_Your goal_
Print exactly the lines below between the line holding "define Q where" and the line holding "define v where", inclusive, and nothing more.

_Supplied records_
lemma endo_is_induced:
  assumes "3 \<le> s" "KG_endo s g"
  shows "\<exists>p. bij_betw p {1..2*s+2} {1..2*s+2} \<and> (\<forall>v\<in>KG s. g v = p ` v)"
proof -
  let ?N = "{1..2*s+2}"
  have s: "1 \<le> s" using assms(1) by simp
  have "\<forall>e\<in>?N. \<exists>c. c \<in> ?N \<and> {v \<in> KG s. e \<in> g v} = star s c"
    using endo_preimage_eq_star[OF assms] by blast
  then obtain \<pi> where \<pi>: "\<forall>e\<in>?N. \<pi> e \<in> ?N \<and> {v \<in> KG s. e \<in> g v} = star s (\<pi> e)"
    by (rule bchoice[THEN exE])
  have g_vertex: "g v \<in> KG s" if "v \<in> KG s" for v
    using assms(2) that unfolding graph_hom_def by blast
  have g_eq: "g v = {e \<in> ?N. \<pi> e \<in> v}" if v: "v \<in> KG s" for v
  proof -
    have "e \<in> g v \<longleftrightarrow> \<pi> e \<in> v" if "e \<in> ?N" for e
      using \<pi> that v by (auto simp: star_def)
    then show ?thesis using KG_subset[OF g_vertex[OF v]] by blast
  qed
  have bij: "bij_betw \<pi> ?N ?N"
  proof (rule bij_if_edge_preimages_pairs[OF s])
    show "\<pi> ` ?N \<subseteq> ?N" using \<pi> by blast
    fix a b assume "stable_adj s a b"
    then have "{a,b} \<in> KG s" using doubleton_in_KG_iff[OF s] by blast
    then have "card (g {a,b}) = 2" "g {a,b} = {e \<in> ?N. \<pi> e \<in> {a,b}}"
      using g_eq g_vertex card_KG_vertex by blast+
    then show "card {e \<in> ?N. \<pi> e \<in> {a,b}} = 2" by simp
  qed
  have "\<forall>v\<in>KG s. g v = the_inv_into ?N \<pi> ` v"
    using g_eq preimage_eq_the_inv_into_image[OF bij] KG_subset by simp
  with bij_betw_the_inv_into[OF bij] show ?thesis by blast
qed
* * *
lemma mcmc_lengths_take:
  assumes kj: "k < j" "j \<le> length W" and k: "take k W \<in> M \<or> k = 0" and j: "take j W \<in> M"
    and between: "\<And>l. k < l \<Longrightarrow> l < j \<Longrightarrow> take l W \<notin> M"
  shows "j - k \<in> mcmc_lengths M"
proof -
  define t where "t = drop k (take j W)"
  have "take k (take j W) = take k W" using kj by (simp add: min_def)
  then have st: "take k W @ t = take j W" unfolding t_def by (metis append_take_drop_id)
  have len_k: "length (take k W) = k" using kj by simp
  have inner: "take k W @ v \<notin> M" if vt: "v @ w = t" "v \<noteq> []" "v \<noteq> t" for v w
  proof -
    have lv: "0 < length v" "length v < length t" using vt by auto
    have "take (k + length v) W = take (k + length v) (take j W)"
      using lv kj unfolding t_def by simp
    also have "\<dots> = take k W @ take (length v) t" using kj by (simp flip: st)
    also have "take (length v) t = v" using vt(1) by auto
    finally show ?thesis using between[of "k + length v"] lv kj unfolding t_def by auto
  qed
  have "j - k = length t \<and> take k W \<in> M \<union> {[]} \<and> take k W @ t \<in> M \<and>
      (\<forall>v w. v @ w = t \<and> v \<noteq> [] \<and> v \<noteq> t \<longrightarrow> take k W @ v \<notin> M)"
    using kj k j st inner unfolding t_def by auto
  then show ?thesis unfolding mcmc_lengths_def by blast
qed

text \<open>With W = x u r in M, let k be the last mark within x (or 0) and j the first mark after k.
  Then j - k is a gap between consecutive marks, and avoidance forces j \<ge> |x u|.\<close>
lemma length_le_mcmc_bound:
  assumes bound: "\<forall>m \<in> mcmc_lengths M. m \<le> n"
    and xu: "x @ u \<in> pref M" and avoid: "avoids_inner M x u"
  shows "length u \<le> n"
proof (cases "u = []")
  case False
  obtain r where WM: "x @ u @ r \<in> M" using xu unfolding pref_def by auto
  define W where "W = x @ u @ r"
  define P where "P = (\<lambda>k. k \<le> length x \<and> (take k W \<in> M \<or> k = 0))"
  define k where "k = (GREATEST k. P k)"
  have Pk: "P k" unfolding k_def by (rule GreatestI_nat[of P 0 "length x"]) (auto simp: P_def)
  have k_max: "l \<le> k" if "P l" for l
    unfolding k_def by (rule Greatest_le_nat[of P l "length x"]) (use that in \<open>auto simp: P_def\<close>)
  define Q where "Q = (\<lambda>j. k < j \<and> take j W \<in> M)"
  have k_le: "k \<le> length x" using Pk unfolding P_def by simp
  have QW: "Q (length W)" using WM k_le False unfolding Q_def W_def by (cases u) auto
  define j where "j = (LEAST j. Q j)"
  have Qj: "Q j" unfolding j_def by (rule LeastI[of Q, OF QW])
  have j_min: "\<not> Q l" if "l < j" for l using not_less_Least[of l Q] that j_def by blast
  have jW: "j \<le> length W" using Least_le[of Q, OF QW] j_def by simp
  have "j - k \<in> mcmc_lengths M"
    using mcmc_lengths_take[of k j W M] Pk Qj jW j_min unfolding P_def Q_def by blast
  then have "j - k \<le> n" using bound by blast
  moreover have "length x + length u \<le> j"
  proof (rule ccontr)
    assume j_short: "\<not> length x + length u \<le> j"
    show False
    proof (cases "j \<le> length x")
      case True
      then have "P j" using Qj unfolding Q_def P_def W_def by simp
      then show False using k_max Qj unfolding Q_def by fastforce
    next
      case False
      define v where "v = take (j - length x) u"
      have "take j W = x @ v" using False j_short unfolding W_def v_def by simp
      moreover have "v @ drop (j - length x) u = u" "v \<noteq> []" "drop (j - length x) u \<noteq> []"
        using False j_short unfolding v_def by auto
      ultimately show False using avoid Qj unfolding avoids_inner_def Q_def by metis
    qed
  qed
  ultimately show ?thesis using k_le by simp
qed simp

_Written reply_
  define Q where "Q = (\<lambda>j. k < j \<and> take j W \<in> M)"
  have k_le: "k \<le> length x" using Pk unfolding P_def by simp
  have QW: "Q (length W)" using WM k_le False unfolding Q_def W_def by (cases u) auto
  define j where "j = (LEAST j. Q j)"
  have Qj: "Q j" unfolding j_def by (rule LeastI[of Q, OF QW])
  have j_min: "\<not> Q l" if "l < j" for l using not_less_Least[of l Q] that j_def by blast
  have jW: "j \<le> length W" using Least_le[of Q, OF QW] j_def by simp
  have "j - k \<in> mcmc_lengths M"
    using mcmc_lengths_take[of k j W M] Pk Qj jW j_min unfolding P_def Q_def by blast
  then have "j - k \<le> n" using bound by blast
  moreover have "length x + length u \<le> j"
  proof (rule ccontr)
    assume j_short: "\<not> length x + length u \<le> j"
    show False
    proof (cases "j \<le> length x")
      case True
      then have "P j" using Qj unfolding Q_def P_def W_def by simp
      then show False using k_max Qj unfolding Q_def by fastforce
    next
      case False
      define v where "v = take (j - length x) u"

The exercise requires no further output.